Figure 7 shows the water saturation and oil saturation at the end of foam injection. Water was able to enter the matrix block thanks to the increased pressure in the fracture during the foam injection that helped water overcome the water-oil capillary pressure. Oil saturation was low on the upper part of the rock because of water invasion and a small amount of gas that entered. Note that although the oil saturation was close to 1 at the lower part of the rock, the decane-in-place had been partially displaced by diffusion of methane and ethane.

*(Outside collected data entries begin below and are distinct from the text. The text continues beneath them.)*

(* Let $E\subset\mathbb R^+$. Then $$\mathrm{Dim}_\mathrm{H}E=\inf\ \mathrm{Dim}_\mathrm{H}\Big(\bigcup_{n\ge1}\bigcup_{R\in\mathcal R_n}R\Big),$$ where the infimum is taken over all families $(\mathcal R_n)_{n\ge1}$ such that, for each $n$, $\mathcal R_n$ is a family of intervals with integer endpoints, each of length a (positive integer) multiple of $n^2$, which covers $E\cap\mathcal S_n$.
   Context: $|Q|$ denotes the length of an interval $Q$. Let $\mathcal S_n=[2^{n-1},2^n)$ for $n\ge1$. For $E\subset\mathbb R^+$, $\rho\ge0$ and $n\ge1$, let $$\nu^n_\rho(E)=\inf\Big\{\sum_{i=1}^m\Big(\frac{|Q_i|}{2^n}\Big)^\rho: Q_i\subset\mathcal S_n \text{ non-trivial intervals with integer endpoints},\ E\cap\mathcal S_n\subset\bigcup_{i=1}^m Q_i\Big\},$$ the infimum being over finite families. The macroscopic Hausdorff dimension is $\mathrm{Dim}_\mathrm{H}E=\inf\{\rho\ge0:\sum_{n\ge1}\nu^n_\rho(E)<\infty\}$. *)

theory Defs
  imports "HOL-Analysis.Analysis"
begin

definition shell :: "nat \<Rightarrow> real set" where
  "shell n = {2 ^ (n - 1) ..< 2 ^ n}"

definition int_interval :: "real set \<Rightarrow> bool" where
  "int_interval Q \<longleftrightarrow> is_interval Q \<and> bounded Q \<and> Inf Q \<in> \<int> \<and> Sup Q \<in> \<int> \<and> Inf Q < Sup Q"

definition ilen :: "real set \<Rightarrow> real" where
  "ilen Q = Sup Q - Inf Q"

definition nu :: "nat \<Rightarrow> real \<Rightarrow> real set \<Rightarrow> real" where
  "nu n \<rho> E = Inf {(\<Sum>Q\<in>F. (ilen Q / 2 ^ n) powr \<rho>) | F.
      finite F \<and> (\<forall>Q\<in>F. int_interval Q \<and> Q \<subseteq> shell n) \<and> E \<inter> shell n \<subseteq> \<Union>F}"

definition DimH :: "real set \<Rightarrow> real" where
  "DimH E = Inf {\<rho>. 0 \<le> \<rho> \<and> summable (\<lambda>n. nu (Suc n) \<rho> E)}"

end

theory Submission
  imports Defs "HOL-Real_Asymp.Real_Asymp"
begin

text \<open>Since \<open>E \<inter> S\<^sub>n\<close> lies in the union of the \<open>n\<close>-th family, monotonicity of \<open>\<nu>\<^sup>n\<^sub>\<rho>\<close>
  gives \<open>Dim\<^sub>H E\<close> as a lower bound. Conversely, fix \<open>\<rho>\<close> with \<open>\<Sum>\<^sub>n \<nu>\<^sup>n\<^sub>\<rho>(E) < \<infinity>\<close>, take
  near-optimal covers of the sets \<open>E \<inter> S\<^sub>n\<close> and extend each interval to the right until its
  length is a multiple of \<open>n\<^sup>2\<close>. The extension is shorter than \<open>n\<^sup>2\<close>, which is negligible
  against \<open>2\<^sup>n\<close>, so for large \<open>m\<close> the new union meets \<open>S\<^sub>m\<close> only through intervals coming from
  \<open>n \<in> {m - 1, m}\<close>. Cut to \<open>S\<^sub>m\<close>, such an interval of original length \<open>l\<close> has length at most
  \<open>l + 2m\<^sup>2\<close>, and \<open>((l + 2m\<^sup>2)/2\<^sup>m)\<^sup>\<rho>\<^sup>+\<^sup>\<epsilon> \<le> C (l/2\<^sup>n)\<^sup>\<rho>\<close> uniformly, so \<open>\<rho> + \<epsilon>\<close> is a
  summable exponent of the new union for every \<open>\<epsilon> > 0\<close>.\<close>

definition shell_cover :: "nat \<Rightarrow> real set \<Rightarrow> real set set \<Rightarrow> bool" where
  "shell_cover n X F \<longleftrightarrow> finite F \<and> (\<forall>Q\<in>F. int_interval Q \<and> Q \<subseteq> shell n) \<and> X \<inter> shell n \<subseteq> \<Union>F"

definition cover_cost :: "nat \<Rightarrow> real \<Rightarrow> real set set \<Rightarrow> real" where
  "cover_cost n \<rho> F = (\<Sum>Q\<in>F. (ilen Q / 2 ^ n) powr \<rho>)"

lemma nu_eq_Inf_cover_cost: "nu n \<rho> X = Inf (cover_cost n \<rho> ` {F. shell_cover n X F})"
  unfolding nu_def cover_cost_def shell_cover_def by (rule arg_cong[where f = Inf]) auto

lemma cover_cost_nonneg: "0 \<le> cover_cost n \<rho> F"
  unfolding cover_cost_def by (intro sum_nonneg) auto

lemma int_interval_atLeastLessThan: "a \<in> \<int> \<Longrightarrow> b \<in> \<int> \<Longrightarrow> a < b \<Longrightarrow> int_interval {a..<b}"
  unfolding int_interval_def by (auto intro: bounded_subset[of "{a..b}"])

lemma ilen_atLeastLessThan: "a < b \<Longrightarrow> ilen {a..<b} = b - a"
  unfolding ilen_def by simp

lemma int_interval_atLeastAtMost: "a \<in> \<int> \<Longrightarrow> b \<in> \<int> \<Longrightarrow> a < b \<Longrightarrow> int_interval {a..b}"
  unfolding int_interval_def by auto

lemma ilen_atLeastAtMost: "a \<le> b \<Longrightarrow> ilen {a..b} = b - a"
  unfolding ilen_def by simp

lemma ilen_ge_1: "int_interval Q \<Longrightarrow> 1 \<le> ilen Q"
  unfolding int_interval_def ilen_def by (auto elim!: Ints_cases)
lemma card_component_F_ge_3: "v \<in> V \<Longrightarrow> 3 \<le> card (component F v)"
proof -
  assume "v \<in> V"
  then obtain a b where ab: "{v, a} \<in> F" "{v, b} \<in> F" "v \<noteq> a" "v \<noteq> b" "a \<noteq> b"
    using degree_2_neighboursE[OF doubletons_F degree_F] by metis
  then have "{v, a, b} \<subseteq> component F v"
    using component_self[of v F] component_edge[OF component_self] by auto
  then have "card {v, a, b} \<le> card (component F v)"
    by (intro card_mono finite_component_F)
  then show ?thesis using ab by simp
qed

text \<open>If $F$ consists of two triangles, then $M$ joins them like a prism, and a prism has a
  Hamiltonian circuit: two edges of each triangle and two edges of $M$.\<close>
lemma two_triangles_hamiltonian:
  assumes "c1 \<in> V" "c2 \<in> V" "card (component F c1) = 3" "card (component F c2) = 3"
    and "component F c1 \<inter> component F c2 = {}" "component F c1 \<union> component F c2 = V"
  shows "\<exists>F'. two_factor V E F' \<and> odd_circuits V F' = 0"
proof -
  let ?C1 = "component F c1" and ?C2 = "component F c2"
  have deg2: "\<forall>x\<in>component F c. degree F x = 2" if "c \<in> V" for c
    using component_F_subset[OF that] degree_F by blast
  note tri1 = triangle_component_edge[OF doubletons_F deg2[OF assms(1)] assms(3)]
  note tri2 = triangle_component_edge[OF doubletons_F deg2[OF assms(2)] assms(4)]
  have partner: "\<exists>p\<in>?C2. {v, p} \<in> M" if v: "v \<in> ?C1" for v
  proof -
    have "v \<in> V" using v assms(6) by blast
    then obtain f where f: "f \<in> M" "v \<in> f" using Union_M by blast
    then obtain p where p: "f = {v, p}" "v \<noteq> p" using doubletonsE[OF doubletons_M] by metis
    have "p \<in> V" using f p E_edge_subset by blast
    moreover have "p \<notin> ?C1" using tri1[OF v _ p(2)] f p by blast
    ultimately show ?thesis using assms(6) f p by blast
  qed
  obtain x y z where xyz: "?C1 = {x, y, z}" "x \<noteq> y" "y \<noteq> z" "x \<noteq> z"
    using assms(3) unfolding card_3_iff by blast
  then obtain px py pz where p: "px \<in> ?C2" "py \<in> ?C2" "pz \<in> ?C2"
    and m: "{x, px} \<in> M" "{y, py} \<in> M" "{z, pz} \<in> M"
    using partner by (metis insertI1 insertI2)
  have partners_distinct: "p \<noteq> q" if "{u, p} \<in> M" "{w, q} \<in> M" "u \<noteq> w" for u w p q
  proof
    assume "p = q"
    with that(3) have "{u, p} \<noteq> {w, q}" by (auto simp: doubleton_eq_iff)
    then have "{u, p} \<inter> {w, q} = {}" using matching_M that(1,2) unfolding matching_def by meson
    with \<open>p = q\<close> show False by blast
  qed
  have "px \<noteq> py" "py \<noteq> pz" "px \<noteq> pz"
    using partners_distinct m xyz by blast+
  moreover have "{x, y, z} \<inter> {px, py, pz} = {}"
    using xyz(1) p assms(5) by blast
  ultimately have dist: "distinct [x, y, z, pz, py, px]"
    using xyz by auto
  have C2: "?C2 = {px, py, pz}"
    using p \<open>px \<noteq> py\<close> \<open>py \<noteq> pz\<close> \<open>px \<noteq> pz\<close> assms(4)
    by (intro card_subset_eq[symmetric] finite_component_F) auto
  define F' where "F' = {{x, y}, {y, z}, {z, pz}, {pz, py}, {py, px}, {px, x}}"
  have V: "V = {x, y, z, pz, py, px}" using assms(6) xyz(1) C2 by auto
  have "F' \<subseteq> E"
    using tri1[of x y] tri1[of y z] tri2[of pz py] tri2[of py px] m F_subset xyz p dist
    unfolding F'_def by (auto simp: insert_commute)
  then have "two_factor V E F'"
    using hexagon(1)[OF dist] unfolding two_factor_def V F'_def by simp
  moreover have "odd_circuits V F' = 0"
    using hexagon(2)[OF dist] dist unfolding odd_circuits_def V F'_def by simp
  ultimately show ?thesis by blast
qed

end

lemma card_edges_avoiding_non_edge:
  assumes "doubletons M" "finite M" "degree M x = 1" "degree M y = 1" "x \<noteq> y" "{x, y} \<notin> M"
  shows "card {f\<in>M. f \<inter> {x, y} = {}} + 2 = card M"
proof -
  have meet: "{f\<in>M. f \<inter> {x, y} \<noteq> {}} = {f\<in>M. x \<in> f} \<union> {f\<in>M. y \<in> f}" by blast
  have "{f\<in>M. x \<in> f} \<inter> {f\<in>M. y \<in> f} = {}"
  proof (rule ccontr)
    assume "{f\<in>M. x \<in> f} \<inter> {f\<in>M. y \<in> f} \<noteq> {}"
    then obtain f where f: "f \<in> M" "x \<in> f" "y \<in> f" by blast
    then have "f = {x, y}" using doubletonsE[OF assms(1)] assms(5) by (metis insertE singletonD)
    then show False using f(1) assms(6) by simp
  qed
  then have "card {f\<in>M. f \<inter> {x, y} \<noteq> {}} = 2"
    unfolding meet using assms(2-4) by (simp add: card_Un_disjoint degree_def)
  moreover have "card M = card {f\<in>M. f \<inter> {x, y} = {}} + card {f\<in>M. f \<inter> {x, y} \<noteq> {}}"
    using assms(2) by (subst card_Un_disjoint[symmetric]) (auto intro: arg_cong[where f = card])
  ultimately show ?thesis by simp
qed

lemma card_edges_meeting_le:
  assumes "finite S" "\<forall>x\<in>S. degree M x \<le> 1"
  shows "card {f\<in>M. f \<inter> S \<noteq> {}} \<le> card S"
proof -
  have "{f\<in>M. f \<inter> S \<noteq> {}} = (\<Union>x\<in>S. {f\<in>M. x \<in> f})" by blast
  then have "card {f\<in>M. f \<inter> S \<noteq> {}} \<le> (\<Sum>x\<in>S. degree M x)"
    unfolding degree_def using card_UN_le[OF assms(1)] by metis
  also have "\<dots> \<le> (\<Sum>x\<in>S. 1)" using assms(2) by (intro sum_mono) auto
  finally show ?thesis by simp
qed

context cubic_2_factor
begin

lemma k_matching_F_edge_avoiding_M:
  assumes "e \<in> F" "card V = 2 * n"
  shows "k_matching E (n - 1) (insert e {g\<in>M. g \<inter> e = {}})"
proof -
  obtain a b where e: "e = {a, b}" "a \<noteq> b" using assms(1) doubletons_F unfolding doubletons_def by blast
  then have "a \<in> V" "b \<in> V" using F_edge_subset[OF assms(1)] by auto
  then have "Suc (card {g\<in>M. g \<inter> e = {}}) = n - 1"
    using card_edges_avoiding_non_edge[OF doubletons_M finite_M degree_M degree_M e(2)]
      card_M assms e by simp
  moreover have "k_matching E (card {g\<in>M. g \<inter> e = {}}) {g\<in>M. g \<inter> e = {}}"
    using matching_subset[OF matching_M, of "{g\<in>M. g \<inter> e = {}}"] by (auto simp: k_matching_iff)
  then have "k_matching E (Suc (card {g\<in>M. g \<inter> e = {}})) (insert e {g\<in>M. g \<inter> e = {}})"
    by (rule k_matching_insert[OF _ finite_E]) (use assms(1) F_subset in \<open>auto simp: Int_commute\<close>)
  ultimately show ?thesis by simp
qed
lemma biclosed_triangle_size:
  assumes "biclosed n {a, b}" "biclosed n {a, c}" "biclosed n {b, c}" "a \<noteq> b" "a \<noteq> c" "b \<noteq> c"
  shows "6 \<le> n"
proof -
  have swap: "{x, y} = {y, x}" for x y :: "nat \<times> nat" by blast
  have "snd a = Suc (fst a)" "snd b = Suc (fst b)" "snd c = Suc (fst c)"
    using biclosed_triangle_adjacent[of n a b c] biclosed_triangle_adjacent[of n b a c]
      biclosed_triangle_adjacent[of n c a b] assms swap[of a b] swap[of a c] swap[of b c]
    by metis+
  then obtain i j k where ijk: "a = (i, Suc i)" "b = (j, Suc j)" "c = (k, Suc k)"
    by (metis prod.collapse)
  have far: "j \<noteq> Suc i" if "biclosed n {(i, Suc i), (j, Suc j)}" "i \<noteq> j" for i j
    using biclosed_pair_partner_adjacent[OF that(1)] that(2) by simp
  have "i \<noteq> j" "i \<noteq> k" "j \<noteq> k" using assms ijk by auto
  then have "j \<noteq> Suc i" "i \<noteq> Suc j" "k \<noteq> Suc i" "i \<noteq> Suc k" "k \<noteq> Suc j" "j \<noteq> Suc k"
    using far assms(1-3) swap unfolding ijk by metis+
  moreover have "Suc i < n" "Suc j < n" "Suc k < n"
    using biclosed_subset[OF assms(1), of i "Suc i"] biclosed_subset[OF assms(1), of j "Suc j"]
      biclosed_subset[OF assms(2), of k "Suc k"] ijk by auto
  ultimately show ?thesis using \<open>i \<noteq> j\<close> \<open>i \<noteq> k\<close> \<open>j \<noteq> k\<close> by arith
qed

lemma card_intersecting_biclosed_family_le:
  assumes n: "4 \<le> n" and F: "\<forall>S\<in>F. biclosed n S \<and> card S = 2"
    and meet: "\<forall>S\<in>F. \<forall>T\<in>F. S \<inter> T \<noteq> {}"
  shows "card F \<le> n - 2"
proof -
  have "\<forall>S\<in>F. card S = 2" using F by blast
  from intersecting_2sets_star_or_triangle[OF this meet] show ?thesis
  proof (elim disjE exE conjE)
    fix p assume star: "\<forall>S\<in>F. p \<in> S"
    have "F \<subseteq> (\<lambda>q. {p, q}) ` biclosed_partners n p"
    proof
      fix S assume "S \<in> F"
      then obtain q where q: "q \<noteq> p" "S = {p, q}"
        using F star card_2_obtain by metis
      then show "S \<in> (\<lambda>q. {p, q}) ` biclosed_partners n p"
        using F \<open>S \<in> F\<close> unfolding biclosed_partners_def by blast
    qed
    then have "card F \<le> card ((\<lambda>q. {p, q}) ` biclosed_partners n p)"
      by (simp add: card_mono finite_biclosed_partners)
    also have "\<dots> \<le> card (biclosed_partners n p)"
      by (simp add: card_image_le finite_biclosed_partners)
    also have "\<dots> \<le> n - 2" by (rule card_biclosed_partners_le[OF n])
    finally show ?thesis .
  next
    fix a b c assume "a \<noteq> b" "a \<noteq> c" "b \<noteq> c" and F_eq: "F = {{a, b}, {a, c}, {b, c}}"
    then have "6 \<le> n" using F by (intro biclosed_triangle_size[of n a b c]) auto
    moreover have "card F \<le> 3" unfolding F_eq by (intro card_insert_le_m1) simp_all
    ultimately show ?thesis by linarith
  qed
qed
lemma sum_inner_dir_le:
  assumes "V \<in> S"
  shows "(\<Sum>s=\<tau>_min+1..T+\<tau>_max. dir s \<bullet> (Y s - V)) \<le>
    (\<Sum>s=\<tau>_min+1..T+\<tau>_max. ((norm (Y s - V))\<^sup>2 - (norm (Y (s + 1) - V))\<^sup>2) / (2 * \<eta> s))
    + K / 2 * (\<Sum>m\<in>W. L m) * (\<Sum>s=\<tau>_min+1..T+\<tau>_max. \<eta> s)"
proof -
  have "dir s \<bullet> (Y s - V) \<le> ((norm (Y s - V))\<^sup>2 - (norm (Y (s + 1) - V))\<^sup>2) / (2 * \<eta> s)
      + K / 2 * (\<Sum>m\<in>W. L m) * \<eta> s" if "1 \<le> s" for s
  proof -
    have "dir s \<bullet> (Y s - V) \<le> ((norm (Y s - V))\<^sup>2 - (norm (Y (s + 1) - V))\<^sup>2) / (2 * \<eta> s)
        + \<eta> s / 2 * (norm (dir s))\<^sup>2"
      using projected_step_inner_le[OF closed_S convex_S assms \<eta>_pos[OF that]]
      by (simp only: Y_step[OF that])
    moreover have "\<eta> s / 2 * (norm (dir s))\<^sup>2 \<le> \<eta> s / 2 * (K * (\<Sum>m\<in>W. L m))"
      using \<eta>_pos[OF that] norm_dir_square_le by (intro mult_left_mono) auto
    ultimately show ?thesis by (simp add: mult_ac)
  qed
  then have "(\<Sum>s=\<tau>_min+1..T+\<tau>_max. dir s \<bullet> (Y s - V)) \<le>
    (\<Sum>s=\<tau>_min+1..T+\<tau>_max. ((norm (Y s - V))\<^sup>2 - (norm (Y (s + 1) - V))\<^sup>2) / (2 * \<eta> s)
      + K / 2 * (\<Sum>m\<in>W. L m) * \<eta> s)"
    by (intro sum_mono) simp
  then show ?thesis
    by (simp only: sum.distrib flip: sum_distrib_left)
qed

lemma delayed_term_le:
  assumes m: "m \<in> W" and V: "V \<in> S"
  shows "(\<Sum>t=1..T. a m * (G m t \<bullet> (Y (t + \<tau> m) - V)))
    \<le> (\<Sum>s=\<tau>_min+1..T+\<tau>_max. a m * ((if \<tau> m < s then G m (s - \<tau> m) else 0) \<bullet> (Y s - V)))
      + (real \<tau>_max - real \<tau>_min) * (a m * L m * diameter S)"
proof -
  define F where "F s = a m * ((if \<tau> m < s then G m (s - \<tau> m) else 0) \<bullet> (Y s - V))" for s
  have window: "{\<tau>_min+1..T+\<tau>_max} = {\<tau>_min+1..\<tau> m} \<union> {\<tau> m+1..T+\<tau> m} \<union> {T+\<tau> m+1..T+\<tau>_max}"
    using \<tau>_min_le[OF m] le_\<tau>_max[OF m] by auto
  have "(\<Sum>s=\<tau>_min+1..T+\<tau>_max. F s)
      = (\<Sum>s=\<tau>_min+1..\<tau> m. F s) + (\<Sum>s=\<tau> m+1..T+\<tau> m. F s) + (\<Sum>s=T+\<tau> m+1..T+\<tau>_max. F s)"
    unfolding window by (subst sum.union_disjoint; auto)+
  moreover have "(\<Sum>s=\<tau>_min+1..\<tau> m. F s) = 0"
    by (simp add: F_def)
  moreover have "(\<Sum>s=\<tau> m+1..T+\<tau> m. F s) = (\<Sum>t=1..T. a m * (G m t \<bullet> (Y (t + \<tau> m) - V)))"
    using sum.shift_bounds_cl_nat_ivl[of F 1 "\<tau> m" T] by (simp add: F_def add.commute)
  moreover have "(\<Sum>s=T+\<tau> m+1..T+\<tau>_max. F s) \<ge> - ((real \<tau>_max - real \<tau>_min) * (a m * L m * diameter S))"
  proof -
    have "- (a m * L m * diameter S) \<le> F s" if "s \<in> {T+\<tau> m+1..T+\<tau>_max}" for s
    proof -
      have "1 \<le> s - \<tau> m" "1 \<le> s"
        using that by auto
      from abs_inner_G_le[OF m this V]
      have "- (L m * diameter S) \<le> G m (s - \<tau> m) \<bullet> (Y s - V)"
        by (simp add: abs_le_iff)
      then show ?thesis
        using that mult_left_mono[OF _ a_nonneg[OF m]] by (force simp: F_def)
    qed
    from sum_bounded_below[where A="{T+\<tau> m+1..T+\<tau>_max}", OF this]
    have "real (\<tau>_max - \<tau> m) * (- (a m * L m * diameter S)) \<le> (\<Sum>s=T+\<tau> m+1..T+\<tau>_max. F s)"
      by simp
    moreover have "real (\<tau>_max - \<tau> m) * (a m * L m * diameter S) \<le> (real \<tau>_max - real \<tau>_min) * (a m * L m * diameter S)"
      using \<tau>_min_le[OF m] le_\<tau>_max[OF m] a_nonneg[OF m] L_nonneg[OF m] diameter_ge_0[OF bounded_S]
      by (intro mult_right_mono) auto
    ultimately show ?thesis by simp
  qed
  ultimately show ?thesis
    unfolding F_def by linarith
qed

lemma drift_term_le:
  assumes m: "m \<in> W"
  shows "(\<Sum>t=1..T. a m * (G m t \<bullet> (Y t - Y (t + \<tau> m))))
    \<le> K * real (\<tau> m) * (\<Sum>r=\<tau>_min+1..T+\<tau>_max. \<eta> r * norm (dir r))"
proof -
  define g where "g r = \<eta> r * norm (dir r)" for r
  have "a m * (G m t \<bullet> (Y t - Y (t + \<tau> m))) \<le> K * (\<Sum>j<\<tau> m. g (t + j))" if "1 \<le> t" for t
  proof -
    have "G m t \<bullet> (Y t - Y (t + \<tau> m)) \<le> L m * norm (Y t - Y (t + \<tau> m))"
      using norm_cauchy_schwarz[of "G m t" "Y t - Y (t + \<tau> m)"]
        mult_right_mono[OF norm_G_le[OF m that] norm_ge_zero[of "Y t - Y (t + \<tau> m)"]]
      by linarith
    then have "a m * (G m t \<bullet> (Y t - Y (t + \<tau> m))) \<le> a m * (L m * norm (Y t - Y (t + \<tau> m)))"
      using a_nonneg[OF m] by (rule mult_left_mono)
    also have "\<dots> \<le> K * (\<Sum>j<\<tau> m. g (t + j))"
      using a_mult_L_le_K[OF m] norm_drift_le[OF that] K_nonneg
      by (simp add: g_def mult.assoc[symmetric] mult_mono)
    finally show ?thesis .
  qed
  then have "(\<Sum>t=1..T. a m * (G m t \<bullet> (Y t - Y (t + \<tau> m)))) \<le> (\<Sum>t=1..T. K * (\<Sum>j<\<tau> m. g (t + j)))"
    by (intro sum_mono) simp
  also have "\<dots> = K * (\<Sum>j<\<tau> m. \<Sum>t=1..T. g (t + j))"
    by (simp add: sum_distrib_left) (rule sum.swap)
  also have "\<dots> \<le> K * (\<Sum>j<\<tau> m. \<Sum>r=\<tau>_min+1..T+\<tau>_max. g r)"
    using step_size_nonneg dir_eq_0 le_\<tau>_max[OF m] K_nonneg
    by (intro mult_left_mono sum_mono sum_shifted_le_window) (auto simp: g_def)
  finally show ?thesis
    by (simp add: g_def mult.assoc)
qed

3.2. Sensitivity Study by Increasing Foam Strength

This study is aimed to investigate the effect of foam strength on the oil recovery and pressure drop based on the above case. All parameters were kept the same as the above base case except that fmmob was artificially increased by 10 times, i.e., to 1100. Simulation was conducted and the comparison of simulation results for oil recovery and pressure drop are plot in Figure 8. The sensitivity study shows that the pressure drop increases greatly as fmmob is 10 times higher than the base case. The resulting oil recovery during the foam injection period is 26% OOIP compared to 22% OOIP of the base case, generating a 4% additional oil recovery. Figure 9 compares the reciprocal of the foam mobility reduction factor (FM−1) in the fracture at the end of foam injection (3.2 PV). The FM−1 value is close to fmmob at the upper part of the fracture for each of the case. The lower part of fracture has weaker foam, mainly because the water saturation is lower and oil saturation is higher. This case indicates that increasing foam strength is helpful to improved oil recovery in such a case.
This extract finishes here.